Kvetching and moaning confessional ahead. You’ve been warned.
Let me start by saying motivation has been low on this side of the keyboard. After working for a couple of years on a project, I hit a major road block. The new piece I started in January and was super excited about seems to have stalled as I’ve reached the muddy middle. My knee has been aching (an injury from a couple of years ago come back to haunt me), and I’ve used that as an excuse not to work out even though working out is one of the main ways I control stress and mood. The job (read income) situation has been spotty at best. Eighteen months out from the finalization of my divorce and the journey of grief seems to be never ending.
And don’t even get me started on the weather. It’s 60 degrees and sunny then it’s 18 and snowing. Right now there is some kind of mixed rainy, freezey, ooblecky* crap coming from the sky and I have on wrist warmers while I write. The only thing that has brightened my spirits has been the large number of hits my post about college visits got this week. I have had enough. If I was rich I’d hop a plane to somewhere with palm trees and turquoise waters.

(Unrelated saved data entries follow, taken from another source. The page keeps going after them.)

(* Let $C\subseteq\mathbb{F}_2^n$ be a linear code, let $0\le p\le1$, and let $t=\log_2(1+p)$. Then \[ \log_2 \mathbb{E}_{S \sim p}\big(2^{|S| - r_C(S)}\big) ~\le~ \mathbb{E}_{T \sim t}\big(|T| - r_C(T)\big). \] Moreover, equality holds if $C$ is a subcube, i.e. $C=\{x\in\mathbb{F}_2^n: x_i=0 \text{ for all } i\notin K\}$ for some $K\subseteq[n]$.
   Context: Fix a generating matrix of $C$ (a matrix over $\mathbb{F}_2$ whose rows span $C$, with columns indexed by $[n]$). For $S\subseteq[n]$, $r_C(S)$ is the rank over $\mathbb{F}_2$ of the set of columns indexed by $S$ (the rank function of the binary matroid on $[n]$ defined by the generating matrix; it does not depend on the choice of generating matrix). For $0\le\lambda\le1$, $S\sim\lambda$ denotes a random subset of $[n]$ containing each element independently with probability $\lambda$. *)

theory Defs
  imports Complex_Main "HOL-Library.Z2"
begin

text \<open>Vectors of \<open>F_2^n\<close> are functions \<open>nat \<Rightarrow> bit\<close> vanishing outside \<open>{..<n}\<close>.
  A generating matrix with \<open>k\<close> rows and \<open>n\<close> columns is a function
  \<open>G :: nat \<Rightarrow> nat \<Rightarrow> bit\<close>, where \<open>G i j\<close> is the entry in row \<open>i < k\<close>, column \<open>j < n\<close>
  (other values are irrelevant).\<close>

definition row_space :: "nat \<Rightarrow> nat \<Rightarrow> (nat \<Rightarrow> nat \<Rightarrow> bit) \<Rightarrow> (nat \<Rightarrow> bit) set" where
  "row_space k n G =
     {x. \<exists>c :: nat \<Rightarrow> bit. \<forall>j. x j = (if j < n then (\<Sum>i<k. c i * G i j) else 0)}"

definition cols_indep :: "nat \<Rightarrow> (nat \<Rightarrow> nat \<Rightarrow> bit) \<Rightarrow> nat set \<Rightarrow> bool" where
  "cols_indep k G T \<longleftrightarrow>
     (\<forall>a :: nat \<Rightarrow> bit. (\<forall>i<k. (\<Sum>j\<in>T. a j * G i j) = 0) \<longrightarrow> (\<forall>j\<in>T. a j = 0))"

text \<open>Rank over \<open>F_2\<close> of the set of columns indexed by \<open>S\<close> (for finite \<open>S\<close>).\<close>
definition col_rank :: "nat \<Rightarrow> (nat \<Rightarrow> nat \<Rightarrow> bit) \<Rightarrow> nat set \<Rightarrow> nat" where
  "col_rank k G S = Max {card T | T. T \<subseteq> S \<and> cols_indep k G T}"

text \<open>Expectation over a random subset \<open>S \<sim> \<lambda>\<close> of \<open>[n] = {..<n}\<close>, each element
  included independently with probability \<open>\<lambda>\<close>.\<close>
definition subset_expect :: "nat \<Rightarrow> real \<Rightarrow> (nat set \<Rightarrow> real) \<Rightarrow> real" where
  "subset_expect n lam f =
     (\<Sum>S\<in>Pow {..<n}. lam ^ card S * (1 - lam) ^ (n - card S) * f S)"

definition subcube :: "nat set \<Rightarrow> (nat \<Rightarrow> bit) set" where
  "subcube K = {x. \<forall>j. j \<notin> K \<longrightarrow> x j = 0}"

end

theory Submission
  imports Defs "HOL-Analysis.Convex"
begin

(* The function f(S) = |S| - r_C(S) has increments in [0, 1]: adding an element raises |S| by one
   and the rank by zero or one.  For any such f, induct on n by conditioning on whether the last
   element lies in S.  If a and b are the t-expectations of f over the remaining elements without
   and with it, then 0 <= b - a <= 1, and concavity of x |-> x^(b-a) applied to
   1 + p = (1 - p) * 1 + p * 2 gives
     (1 - p) 2^a + p 2^b <= 2^a (1 + p)^(b-a) = 2^((1 - t) a + t b),
   which closes the induction.  For a subcube with support K one has r_C(S) = |S \<inter> K|, so
   f(S) = |S - K| and both sides equal |[n] - K| log_2 (1 + p). *)

lemma powr_concave:
  assumes "0 \<le> d" "d \<le> 1"
  shows "concave_on {0<..} (\<lambda>x::real. x powr d)"
proof (rule f''_le0_imp_concave)
  show "((\<lambda>x. x powr d) has_real_derivative d * x powr (d - 1)) (at x)" if "x \<in> {0<..}" for x
    using that by (auto intro!: derivative_eq_intros)
  show "((\<lambda>x. d * x powr (d - 1)) has_real_derivative d * ((d - 1) * x powr (d - 1 - 1))) (at x)"
    if "x \<in> {0<..}" for x
    using that by (auto intro!: derivative_eq_intros)
  show "d * ((d - 1) * x powr (d - 1 - 1)) \<le> 0" for x
    using assms by (simp add: mult_nonneg_nonpos mult_nonpos_nonneg)
qed simp

lemma mean_powr_le_powr_mean:
  fixes p b d :: real
  assumes "0 \<le> p" "p \<le> 1" "0 < b" "0 \<le> d" "d \<le> 1"
  shows "1 - p + p * b powr d \<le> (1 - p + p * b) powr d"
  using concave_onD[OF powr_concave[OF assms(4,5)], of p 1 b] assms by simp

lemma convex_combination_powr2_le:
  fixes p a b :: real
  assumes "0 \<le> p" "p \<le> 1" "a \<le> b" "b \<le> a + 1"
  defines "t \<equiv> log 2 (1 + p)"
  shows "(1 - p) * 2 powr a + p * 2 powr b \<le> 2 powr ((1 - t) * a + t * b)"
proof -
  have "(1 - p) * 2 powr a + p * 2 powr b = 2 powr a * (1 - p + p * 2 powr (b - a))"
    by (simp add: algebra_simps powr_diff)
  also have "\<dots> \<le> 2 powr a * (1 + p) powr (b - a)"
    using mean_powr_le_powr_mean[of p 2 "b - a"] assms by (simp add: add.commute)
  also have "(1 + p) powr (b - a) = 2 powr (t * (b - a))"
    using assms by (simp add: t_def flip: powr_powr)
  also have "2 powr a * 2 powr (t * (b - a)) = 2 powr ((1 - t) * a + t * b)"
    by (simp add: algebra_simps flip: powr_add)
  finally show ?thesis .
qed

lemma subset_expect_Suc:
  "subset_expect (Suc n) lam F =
     (1 - lam) * subset_expect n lam F + lam * subset_expect n lam (\<lambda>S. F (insert n S))"
proof -
  define w where "w S = lam ^ card S * (1 - lam) ^ (Suc n - card S) * F S" for S
  have card_le: "card S \<le> n" and card_insert: "card (insert n S) = Suc (card S)"
    if "S \<in> Pow {..<n}" for S
    using that card_mono[of "{..<n}" S] finite_subset[of S "{..<n}"] by (auto simp: subset_eq)
  have "subset_expect (Suc n) lam F = sum w (Pow {..<n}) + sum w (insert n ` Pow {..<n})"
    unfolding subset_expect_def w_def lessThan_Suc Pow_insert
    by (rule sum.union_disjoint) auto
  also have "sum w (insert n ` Pow {..<n}) = (\<Sum>S\<in>Pow {..<n}. w (insert n S))"
    by (rule sum.reindex_cong[where l = "insert n"]) (auto intro!: inj_onI)
  finally show ?thesis
    unfolding subset_expect_def sum_distrib_left w_def
    by (auto simp: card_le card_insert Suc_diff_le intro!: arg_cong2[where f = "(+)"] sum.cong)
qed

lemma subset_expect_cong:
  "(\<And>S. S \<subseteq> {..<n} \<Longrightarrow> F S = F' S) \<Longrightarrow> subset_expect n lam F = subset_expect n lam F'"
  unfolding subset_expect_def by (rule sum.cong) auto

lemma subset_expect_const: "subset_expect n lam (\<lambda>_. c) = c"
  by (induction n) (simp_all add: subset_expect_Suc algebra_simps, simp add: subset_expect_def)

lemma subset_expect_add:
  "subset_expect n lam (\<lambda>S. F S + F' S) = subset_expect n lam F + subset_expect n lam F'"
  unfolding subset_expect_def by (simp add: distrib_left sum.distrib)

lemma subset_expect_cmult: "subset_expect n lam (\<lambda>S. c * F S) = c * subset_expect n lam F"
  unfolding subset_expect_def sum_distrib_left by (simp add: mult.left_commute)

lemma subset_expect_mono:
  assumes "0 \<le> lam" "lam \<le> 1" "\<And>S. S \<subseteq> {..<n} \<Longrightarrow> F S \<le> F' S"
  shows "subset_expect n lam F \<le> subset_expect n lam F'"
  unfolding subset_expect_def using assms by (intro sum_mono mult_left_mono) auto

Instead, I watched the first three seasons of House of Cards (not a feel good show that one) interspersed with The British Baking Show (much lighter) and surfed the internet for inspiration.
I suppose I could find something on the internet to validate any mood but this week a few things have fallen into my cyber lap and I thought I’d share them with you.

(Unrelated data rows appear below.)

(* vL and vU play the role of the values of g at the two ends: the actual value at a finite end,
   and at an infinite end any value whose sign g takes somewhere inside the interval. *)

lemma zeros_of_strict_mono_between:
  fixes g :: "real \<Rightarrow> real" and lo hi :: ereal
  defines "I \<equiv> {x. lo < ereal x \<and> ereal x < hi}"
  assumes lohi: "lo < hi" and cont: "continuous_on UNIV g"
    and mono: "strict_mono_on {x. lo \<le> ereal x \<and> ereal x \<le> hi} g"
    and lower: "(\<exists>l. lo = ereal l \<and> vL = g l) \<or> (vL < 0 \<and> (\<exists>x\<in>I. g x < 0))"
    and upper: "(\<exists>u. hi = ereal u \<and> vU = g u) \<or> (vU > 0 \<and> (\<exists>x\<in>I. g x > 0))"
  shows "vL * vU \<ge> 0 \<Longrightarrow> \<forall>x\<in>I. g x \<noteq> 0"
    and "vL * vU < 0 \<Longrightarrow> \<exists>!x. x \<in> I \<and> g x = 0"
proof -
  have pos: "g x > 0" if vL: "vL \<ge> 0" and x: "x \<in> I" for x
  proof -
    obtain l where "lo = ereal l" "vL = g l" using lower vL by auto
    moreover from this have "g l < g x"
      using x lohi by (intro strict_mono_onD[OF mono]) (auto simp: I_def)
    ultimately show ?thesis using vL by simp
  qed
  have neg: "g x < 0" if vU: "vU \<le> 0" and x: "x \<in> I" for x
  proof -
    obtain u where "hi = ereal u" "vU = g u" using upper vU by auto
    moreover from this have "g x < g u"
      using x lohi by (intro strict_mono_onD[OF mono]) (auto simp: I_def)
    ultimately show ?thesis using vU by simp
  qed
  show "vL * vU \<ge> 0 \<Longrightarrow> \<forall>x\<in>I. g x \<noteq> 0"
  proof (intro ballI notI)
    fix x assume "vL * vU \<ge> 0" "x \<in> I" "g x = 0"
    then have "vL < 0" "vU > 0" using pos[of x] neg[of x] by force+
    then have "vL * vU < 0" by (rule mult_neg_pos)
    with \<open>vL * vU \<ge> 0\<close> show False by simp
  qed
  assume "vL * vU < 0"
  obtain x0 where "x0 \<in> I" using ereal_dense2[OF lohi] by (auto simp: I_def)
  then have "vL < 0" "vU > 0"
    using \<open>vL * vU < 0\<close> pos[OF _ \<open>x0 \<in> I\<close>] neg[OF _ \<open>x0 \<in> I\<close>]
    by (auto simp: mult_less_0_iff)
  obtain a where "lo \<le> ereal a" "ereal a \<le> hi" "g a < 0"
  proof (cases "\<exists>l. lo = ereal l \<and> vL = g l")
    case True
    then show ?thesis using that lohi \<open>vL < 0\<close> by (auto intro: less_imp_le)
  next
    case False
    then show ?thesis using that lower \<open>vL < 0\<close> by (auto simp: I_def intro: less_imp_le)
  qed
  moreover obtain b where "lo \<le> ereal b" "ereal b \<le> hi" "g b > 0"
  proof (cases "\<exists>u. hi = ereal u \<and> vU = g u")
    case True
    then show ?thesis using that lohi \<open>vU > 0\<close> by (auto intro: less_imp_le)
  next
    case False
    then show ?thesis using that upper \<open>vU > 0\<close> by (auto simp: I_def intro: less_imp_le)
  qed
  ultimately show "\<exists>!x. x \<in> I \<and> g x = 0"
    unfolding I_def using unique_zero_strict_mono_between[OF cont mono, of a b] by simp
qed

From Seven Scribes and Daniel José Older, this post Writing Begins With Forgiveness: Why One of the Most Common Pieces of Writing Advice is Wrong.

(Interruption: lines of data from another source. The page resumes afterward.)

lemma inner_le_of_column_sums_zero:
  fixes etl ehd :: "'e::finite \<Rightarrow> 'n::finite" and x d :: "real^('n \<times> 'r::finite)"
  assumes "undirected_connected etl ehd"
    and d0: "\<And>k. (\<Sum>i\<in>UNIV. d $ (i, k)) = 0" and db: "\<And>i k. \<bar>d $ (i, k)\<bar> \<le> b"
  shows "inner x d \<le> real CARD('n) * real CARD('e) * b
           * (\<Sum>j\<in>UNIV. \<bar>edge_differences etl ehd x $ j\<bar>)"
proof -
  obtain i0 :: 'n where True by blast
  define S where "S k = (\<Sum>e\<in>UNIV. \<bar>x $ (ehd e, k) - x $ (etl e, k)\<bar>)" for k
  have "b \<ge> 0" using db[of i0] by (meson abs_ge_zero order_trans)
  have column: "(\<Sum>i\<in>UNIV. x $ (i, k) * d $ (i, k)) \<le> real CARD('n) * real CARD('e) * b * S k" for k
  proof -
    have "(\<Sum>i\<in>UNIV. x $ (i, k) * d $ (i, k)) = (\<Sum>i\<in>UNIV. (x $ (i, k) - x $ (i0, k)) * d $ (i, k))"
      using d0[of k] by (simp add: left_diff_distrib sum_subtractf sum_distrib_left[symmetric])
    also have "\<dots> \<le> (\<Sum>i\<in>(UNIV::'n set). real CARD('e) * S k * b)"
    proof (rule sum_mono)
      fix i
      have "\<bar>x $ (i, k) - x $ (i0, k)\<bar> \<le> real CARD('e) * S k"
        unfolding S_def by (rule potential_difference_le_edge_sum[OF assms(1)])
      have "(x $ (i, k) - x $ (i0, k)) * d $ (i, k) \<le> \<bar>x $ (i, k) - x $ (i0, k)\<bar> * \<bar>d $ (i, k)\<bar>"
        by (metis abs_ge_self abs_mult)
      also have "\<dots> \<le> real CARD('e) * S k * b"
        using \<open>\<bar>x $ (i, k) - x $ (i0, k)\<bar> \<le> real CARD('e) * S k\<close> db[of i k] by (intro mult_mono) auto
      finally show "(x $ (i, k) - x $ (i0, k)) * d $ (i, k) \<le> real CARD('e) * S k * b" .
    qed
    finally show ?thesis by (simp add: mult_ac)
  qed
  have "(\<Sum>j\<in>UNIV. \<bar>edge_differences etl ehd x $ j\<bar>) = (\<Sum>k\<in>UNIV. S k)"
  proof -
    have "(\<Sum>j\<in>UNIV. \<bar>edge_differences etl ehd x $ j\<bar>)
        = (\<Sum>e\<in>UNIV. \<Sum>k\<in>UNIV. \<bar>x $ (ehd e, k) - x $ (etl e, k)\<bar>)"
      unfolding sum_UNIV_prod
      by (simp add: edge_differences_apply[OF assms(1)])
    then show ?thesis unfolding S_def by (simp add: sum.swap[of _ "UNIV::'e set"])
  qed
  moreover have "inner x d = (\<Sum>k\<in>UNIV. \<Sum>i\<in>UNIV. x $ (i, k) * d $ (i, k))"
    unfolding inner_vec_def sum_UNIV_prod inner_real_def by (rule sum.swap)
  ultimately show ?thesis
    using sum_mono[OF column] by (simp add: sum_distrib_left)
qed

section \<open>Filippov sets of the estimator\<close>

lemma filippov_solution_iff:
  "filippov_solution f t0 w \<longleftrightarrow>
     (\<exists>v. indefinite_integral_from t0 v w \<and> (AE t in lebesgue. t \<ge> t0 \<longrightarrow> v t \<in> filippov_set f t (w t)))"
  by (auto simp: filippov_solution_def indefinite_integral_from_def)

lemma filippov_set_inner_le:
  fixes f :: "real \<Rightarrow> 'a::euclidean_space \<Rightarrow> 'a"
  assumes \<xi>: "\<xi> \<in> filippov_set f t x"
    and near: "\<And>\<epsilon>. \<epsilon> > 0 \<Longrightarrow> eventually (\<lambda>q. inner a (f t q) < \<beta> + \<epsilon>) (nhds x)"
  shows "inner a \<xi> \<le> \<beta>"
proof (rule field_le_epsilon)
  fix \<epsilon> :: real assume "\<epsilon> > 0"
  then obtain \<delta> where "\<delta> > 0" and \<delta>: "\<And>q. dist q x < \<delta> \<Longrightarrow> inner a (f t q) < \<beta> + \<epsilon>"
    using near[OF \<open>\<epsilon> > 0\<close>] unfolding eventually_nhds_metric by blast
  have "\<xi> \<in> closure (convex hull (f t ` (ball x \<delta> - {})))"
    using \<xi> \<open>\<delta> > 0\<close> null_sets.empty_sets unfolding filippov_set_def by blast
  also have "\<dots> \<subseteq> {y. inner a y \<le> \<beta> + \<epsilon>}"
  proof (intro closure_minimal hull_minimal closed_halfspace_le convex_halfspace_le)
    show "f t ` (ball x \<delta> - {}) \<subseteq> {y. inner a y \<le> \<beta> + \<epsilon>}"
      using \<delta> by (force simp: dist_commute)
  qed
  finally show "inner a \<xi> \<le> \<beta> + \<epsilon>" by simp
qed

lemma filippov_set_inner_le_isCont:
  fixes f :: "real \<Rightarrow> 'a::euclidean_space \<Rightarrow> 'a"
  assumes "\<xi> \<in> filippov_set f t x" and "isCont (\<lambda>q. inner a (f t q)) x"
  shows "inner a \<xi> \<le> inner a (f t x)"
proof (rule filippov_set_inner_le[OF assms(1)])
  fix \<epsilon> :: real assume "\<epsilon> > 0"
  have "((\<lambda>q. inner a (f t q)) \<longlongrightarrow> inner a (f t x)) (nhds x)"
    using assms(2) tendsto_at_iff_tendsto_nhds[of "\<lambda>q. inner a (f t q)" x] by (simp add: isCont_def)
  then show "eventually (\<lambda>q. inner a (f t q) < inner a (f t x) + \<epsilon>) (nhds x)"
    by (rule order_tendstoD) (use \<open>\<epsilon> > 0\<close> in simp)
qed

lemma inner_estimator_field:
  "inner (a, c) (estimator_field etl ehd \<gamma> phi t q) =
     - \<gamma> * inner a (fst q)
     - (\<Sum>j\<in>UNIV. edge_differences etl ehd a $ j * (snd q $ j * sgn (edge_differences etl ehd (fst q + phi t) $ j)))
     + (\<Sum>j\<in>UNIV. c $ j * \<bar>edge_differences etl ehd (fst q + phi t) $ j\<bar>)"
proof -
  have "inner a (kron (incidence etl ehd) (mat 1) *v (diagm (snd q) *v vsgn (edge_differences etl ehd (fst q + phi t))))
      = (\<Sum>j\<in>UNIV. edge_differences etl ehd a $ j * (snd q $ j * sgn (edge_differences etl ehd (fst q + phi t) $ j)))"
    unfolding inner_kron_mat1_mult by (simp add: inner_vec_def diagm_mult_apply vsgn_def)
  moreover have "inner c (vabs (edge_differences etl ehd (fst q + phi t)))
      = (\<Sum>j\<in>UNIV. c $ j * \<bar>edge_differences etl ehd (fst q + phi t) $ j\<bar>)"
    by (simp add: inner_vec_def vabs_def)
  ultimately show ?thesis
    by (simp add: estimator_field_def Let_def inner_add_right inner_diff_right inner_minus_right)
qed

(* The sign of the j-th edge difference jumps only where it vanishes, and there the weight
   edge_differences a $ j vanishes as well. *)
lemma isCont_inner_estimator_field:
  fixes etl ehd :: "'e::finite \<Rightarrow> 'n::finite" and q0 :: "(real^('n \<times> 'r::finite)) \<times> (real^('e \<times> 'r))"
  assumes "edge_differences etl ehd a = edge_differences etl ehd (fst q0 + phi t)"
  shows "isCont (\<lambda>q. inner (a, c) (estimator_field etl ehd \<gamma> phi t q)) q0"
proof -
  define y where "y q = edge_differences etl ehd (fst q + phi t)" for q :: "(real^('n \<times> 'r)) \<times> (real^('e \<times> 'r))"
  have "isCont y q0"
    unfolding y_def by (intro bounded_linear.continuous[OF matrix_vector_mul_bounded_linear] continuous_intros)
  then have y: "isCont (\<lambda>q. y q $ j) q0" for j
    by (intro continuous_intros)
  have sgn_term: "isCont (\<lambda>q. edge_differences etl ehd a $ j * (snd q $ j * sgn (y q $ j))) q0" for j
  proof (cases "edge_differences etl ehd a $ j = 0")
    case False
    then have "y q0 $ j \<noteq> 0" using assms by (simp add: y_def)
    then show ?thesis unfolding isCont_def
      by (intro tendsto_intros y[unfolded isCont_def]) auto
  qed simp
  show ?thesis
    unfolding inner_estimator_field y_def[symmetric]
    by (intro sgn_term continuous_add continuous_diff continuous_sum continuous_intros y)
qed

section \<open>Lyapunov analysis\<close>

locale estimator_solution =
  fixes etl ehd :: "'e::finite \<Rightarrow> 'n::finite"
    and phi phi' :: "real \<Rightarrow> real^('n \<times> 'r::finite)"
    and \<gamma> t0 \<phi>b \<phi>db :: real
    and w v :: "real \<Rightarrow> (real^('n \<times> 'r)) \<times> (real^('e \<times> 'r))"
  assumes connected: "undirected_connected etl ehd"
    and phi_derivative: "\<forall>t\<ge>0. (phi has_vector_derivative phi' t) (at t within {0..})"
    and phi'_continuous: "continuous_on {0..} phi'"
    and phi_bound: "\<forall>t\<ge>0. infnorm (edge_differences etl ehd (phi t)) \<le> \<phi>b"
    and phi'_bound: "\<forall>t\<ge>0. infnorm (edge_differences etl ehd (phi' t)) \<le> \<phi>db"
    and gamma_pos: "\<gamma> > 0"
    and t0_nonneg: "t0 \<ge> 0"
    and w_integral: "indefinite_integral_from t0 v w"
    and v_filippov: "AE t in lebesgue. t \<ge> t0 \<longrightarrow> v t \<in> filippov_set (estimator_field etl ehd \<gamma> phi) t (w t)"
begin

All of these articles reinforce the idea that sometimes writers need to take time off, that the universe provides, that we are where we are for a reason, that we need to be kind to ourselves. I tend not to buy this line of thinking. If you’ve read Art and Fear: Observations on the Perils (and rewards) of Artmaking by Bales & Orland, you’ve seen their argument that artists will do almost anything rather than do their art. They call this “resistance” in the book and I seem to have it in spades. My suspicion of self-care is probably rooted in my early indoctrination as a rower. “There is no I in team,” “we don’t say can’t,” “row hard or go home.” As you can see, there’s not a lot of forgiveness or kindness in this philosophy. At this point though, I’ve should-haved and guilted and scolded myself enough and the only thing I feel is that it’s time for a hot bath…
3 cups of tea, 0 words. Not a good day at the office #writerslife
— Anna Eleanor Jordan (@annawritedraw) February 24, 2016
…and another cup of forgiveness tea.